• GOAL OF THE EXERCISE
The listing below contains a span that opens with the line containing "theory Submission" and closes with the line containing "is a divisibility". Return that span exactly.

━━━━

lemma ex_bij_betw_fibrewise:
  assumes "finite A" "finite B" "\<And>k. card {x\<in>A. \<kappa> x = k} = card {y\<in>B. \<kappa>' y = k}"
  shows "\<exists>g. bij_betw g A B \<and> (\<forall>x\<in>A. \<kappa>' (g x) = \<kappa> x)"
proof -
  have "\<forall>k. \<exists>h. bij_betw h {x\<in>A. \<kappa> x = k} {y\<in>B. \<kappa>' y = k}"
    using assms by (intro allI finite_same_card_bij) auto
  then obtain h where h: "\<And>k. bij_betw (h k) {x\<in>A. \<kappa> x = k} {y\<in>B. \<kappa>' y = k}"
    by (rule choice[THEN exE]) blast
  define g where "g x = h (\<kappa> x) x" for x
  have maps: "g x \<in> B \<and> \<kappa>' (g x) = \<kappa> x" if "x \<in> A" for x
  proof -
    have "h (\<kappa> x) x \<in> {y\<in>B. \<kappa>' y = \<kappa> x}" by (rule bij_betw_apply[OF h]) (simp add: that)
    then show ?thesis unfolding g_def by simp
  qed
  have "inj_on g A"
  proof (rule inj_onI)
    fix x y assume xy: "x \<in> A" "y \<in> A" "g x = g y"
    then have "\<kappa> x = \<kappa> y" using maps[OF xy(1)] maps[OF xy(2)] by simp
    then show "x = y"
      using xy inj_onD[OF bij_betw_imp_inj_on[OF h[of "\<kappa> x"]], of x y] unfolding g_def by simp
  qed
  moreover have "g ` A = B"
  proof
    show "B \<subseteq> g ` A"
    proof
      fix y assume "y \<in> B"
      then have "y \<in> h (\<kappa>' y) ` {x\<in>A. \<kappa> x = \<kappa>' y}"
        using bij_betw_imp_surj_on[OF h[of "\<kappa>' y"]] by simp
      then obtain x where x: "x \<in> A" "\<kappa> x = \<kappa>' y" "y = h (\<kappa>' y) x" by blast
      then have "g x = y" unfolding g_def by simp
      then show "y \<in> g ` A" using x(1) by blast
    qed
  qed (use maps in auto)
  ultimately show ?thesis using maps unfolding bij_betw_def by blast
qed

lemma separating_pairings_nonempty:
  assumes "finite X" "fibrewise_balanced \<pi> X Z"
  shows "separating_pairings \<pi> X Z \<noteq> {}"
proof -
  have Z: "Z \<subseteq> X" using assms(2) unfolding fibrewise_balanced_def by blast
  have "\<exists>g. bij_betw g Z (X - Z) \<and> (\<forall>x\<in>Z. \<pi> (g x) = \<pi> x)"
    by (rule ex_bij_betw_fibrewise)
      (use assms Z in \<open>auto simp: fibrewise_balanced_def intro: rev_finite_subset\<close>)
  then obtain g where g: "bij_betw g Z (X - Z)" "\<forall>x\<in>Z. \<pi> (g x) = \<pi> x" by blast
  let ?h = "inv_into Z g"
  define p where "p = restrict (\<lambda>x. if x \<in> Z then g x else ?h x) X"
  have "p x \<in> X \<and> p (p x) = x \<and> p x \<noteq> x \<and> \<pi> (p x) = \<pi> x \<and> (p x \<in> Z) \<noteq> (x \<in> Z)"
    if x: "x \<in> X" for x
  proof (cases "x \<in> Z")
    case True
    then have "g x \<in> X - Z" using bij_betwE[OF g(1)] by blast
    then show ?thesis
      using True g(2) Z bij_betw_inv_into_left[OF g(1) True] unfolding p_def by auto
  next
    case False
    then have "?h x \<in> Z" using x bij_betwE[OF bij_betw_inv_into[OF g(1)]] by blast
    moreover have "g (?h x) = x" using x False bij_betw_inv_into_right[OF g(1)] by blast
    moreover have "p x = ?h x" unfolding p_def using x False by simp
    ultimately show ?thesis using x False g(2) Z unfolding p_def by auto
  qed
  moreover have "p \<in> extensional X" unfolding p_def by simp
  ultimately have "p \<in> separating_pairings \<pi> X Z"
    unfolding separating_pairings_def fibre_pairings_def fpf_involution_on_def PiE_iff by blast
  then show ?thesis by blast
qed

━━━━

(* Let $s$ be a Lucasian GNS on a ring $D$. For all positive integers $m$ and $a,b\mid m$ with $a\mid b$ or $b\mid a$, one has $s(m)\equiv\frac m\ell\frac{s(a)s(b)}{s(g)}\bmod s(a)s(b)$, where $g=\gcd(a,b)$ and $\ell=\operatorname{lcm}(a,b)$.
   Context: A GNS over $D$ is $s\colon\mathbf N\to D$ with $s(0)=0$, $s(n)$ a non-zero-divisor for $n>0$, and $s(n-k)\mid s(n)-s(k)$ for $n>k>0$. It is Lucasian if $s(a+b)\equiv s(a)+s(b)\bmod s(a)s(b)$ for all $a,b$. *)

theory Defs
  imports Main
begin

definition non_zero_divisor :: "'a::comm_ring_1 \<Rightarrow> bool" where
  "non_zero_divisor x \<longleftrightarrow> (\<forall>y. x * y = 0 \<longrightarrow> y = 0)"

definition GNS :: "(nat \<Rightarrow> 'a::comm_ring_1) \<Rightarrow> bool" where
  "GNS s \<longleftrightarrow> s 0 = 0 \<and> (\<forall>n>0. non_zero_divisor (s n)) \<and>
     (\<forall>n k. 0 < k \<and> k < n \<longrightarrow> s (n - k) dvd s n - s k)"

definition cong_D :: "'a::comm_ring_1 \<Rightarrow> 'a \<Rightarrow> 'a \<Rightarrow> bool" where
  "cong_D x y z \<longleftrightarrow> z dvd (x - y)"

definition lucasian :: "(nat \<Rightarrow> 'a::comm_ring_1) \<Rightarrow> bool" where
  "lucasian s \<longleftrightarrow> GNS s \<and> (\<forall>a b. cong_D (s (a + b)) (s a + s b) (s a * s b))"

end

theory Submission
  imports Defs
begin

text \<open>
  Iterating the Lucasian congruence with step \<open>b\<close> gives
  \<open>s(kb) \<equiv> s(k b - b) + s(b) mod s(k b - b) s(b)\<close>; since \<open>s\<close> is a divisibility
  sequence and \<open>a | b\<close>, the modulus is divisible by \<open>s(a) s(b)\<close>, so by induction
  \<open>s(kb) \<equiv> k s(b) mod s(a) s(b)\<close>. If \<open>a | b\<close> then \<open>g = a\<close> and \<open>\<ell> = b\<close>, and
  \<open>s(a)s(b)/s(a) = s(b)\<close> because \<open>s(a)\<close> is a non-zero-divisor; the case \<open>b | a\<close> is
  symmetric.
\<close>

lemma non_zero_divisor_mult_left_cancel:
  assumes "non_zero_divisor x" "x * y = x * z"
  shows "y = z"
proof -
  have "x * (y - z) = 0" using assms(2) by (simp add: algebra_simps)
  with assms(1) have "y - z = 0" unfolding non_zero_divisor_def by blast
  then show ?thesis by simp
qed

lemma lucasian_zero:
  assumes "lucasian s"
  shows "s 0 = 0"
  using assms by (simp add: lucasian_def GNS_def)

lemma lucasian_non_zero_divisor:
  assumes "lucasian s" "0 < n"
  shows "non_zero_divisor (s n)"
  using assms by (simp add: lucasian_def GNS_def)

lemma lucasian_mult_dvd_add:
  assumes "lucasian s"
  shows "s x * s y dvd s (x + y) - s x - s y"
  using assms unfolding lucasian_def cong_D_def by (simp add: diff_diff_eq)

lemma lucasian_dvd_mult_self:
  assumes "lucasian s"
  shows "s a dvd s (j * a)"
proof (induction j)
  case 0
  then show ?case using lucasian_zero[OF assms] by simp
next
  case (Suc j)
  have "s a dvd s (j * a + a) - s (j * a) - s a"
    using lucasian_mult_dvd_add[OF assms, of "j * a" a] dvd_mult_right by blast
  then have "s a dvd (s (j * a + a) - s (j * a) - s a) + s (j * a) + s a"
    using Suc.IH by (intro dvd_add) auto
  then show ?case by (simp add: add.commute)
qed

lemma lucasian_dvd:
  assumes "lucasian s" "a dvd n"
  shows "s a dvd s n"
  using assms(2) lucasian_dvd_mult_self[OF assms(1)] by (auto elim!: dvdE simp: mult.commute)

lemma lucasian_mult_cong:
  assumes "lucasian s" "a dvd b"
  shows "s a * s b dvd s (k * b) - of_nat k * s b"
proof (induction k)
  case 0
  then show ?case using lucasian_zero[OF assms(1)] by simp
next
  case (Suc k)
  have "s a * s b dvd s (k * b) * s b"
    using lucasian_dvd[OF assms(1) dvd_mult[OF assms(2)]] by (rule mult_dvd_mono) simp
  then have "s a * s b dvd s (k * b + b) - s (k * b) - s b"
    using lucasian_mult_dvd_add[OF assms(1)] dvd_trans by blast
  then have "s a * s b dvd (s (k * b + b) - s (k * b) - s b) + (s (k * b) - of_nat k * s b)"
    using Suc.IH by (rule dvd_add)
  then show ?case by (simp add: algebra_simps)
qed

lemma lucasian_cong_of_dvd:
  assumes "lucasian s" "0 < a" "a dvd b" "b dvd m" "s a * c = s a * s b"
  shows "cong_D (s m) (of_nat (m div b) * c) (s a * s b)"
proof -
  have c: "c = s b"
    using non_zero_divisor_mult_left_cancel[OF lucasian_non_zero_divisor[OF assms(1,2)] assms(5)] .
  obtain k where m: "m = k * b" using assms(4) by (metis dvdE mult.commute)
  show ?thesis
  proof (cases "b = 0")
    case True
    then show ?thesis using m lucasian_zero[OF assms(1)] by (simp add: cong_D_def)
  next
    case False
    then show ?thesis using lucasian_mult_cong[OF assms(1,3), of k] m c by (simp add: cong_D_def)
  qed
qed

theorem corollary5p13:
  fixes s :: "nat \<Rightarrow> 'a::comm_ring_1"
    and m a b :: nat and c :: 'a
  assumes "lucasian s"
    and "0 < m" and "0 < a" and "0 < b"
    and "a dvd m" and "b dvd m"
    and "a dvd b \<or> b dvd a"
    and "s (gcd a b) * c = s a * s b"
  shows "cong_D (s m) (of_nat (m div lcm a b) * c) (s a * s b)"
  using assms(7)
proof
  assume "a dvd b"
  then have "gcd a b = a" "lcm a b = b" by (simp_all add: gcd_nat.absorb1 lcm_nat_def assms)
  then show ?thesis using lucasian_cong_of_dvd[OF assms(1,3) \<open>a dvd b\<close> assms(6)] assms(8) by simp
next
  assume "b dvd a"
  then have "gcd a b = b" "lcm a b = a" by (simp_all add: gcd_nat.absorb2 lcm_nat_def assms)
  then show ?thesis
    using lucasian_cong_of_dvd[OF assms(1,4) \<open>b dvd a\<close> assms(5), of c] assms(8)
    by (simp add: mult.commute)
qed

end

━━━━

• SOLUTION
theory Submission
  imports Defs
begin

text \<open>
  Iterating the Lucasian congruence with step \<open>b\<close> gives
  \<open>s(kb) \<equiv> s(k b - b) + s(b) mod s(k b - b) s(b)\<close>; since \<open>s\<close> is a divisibility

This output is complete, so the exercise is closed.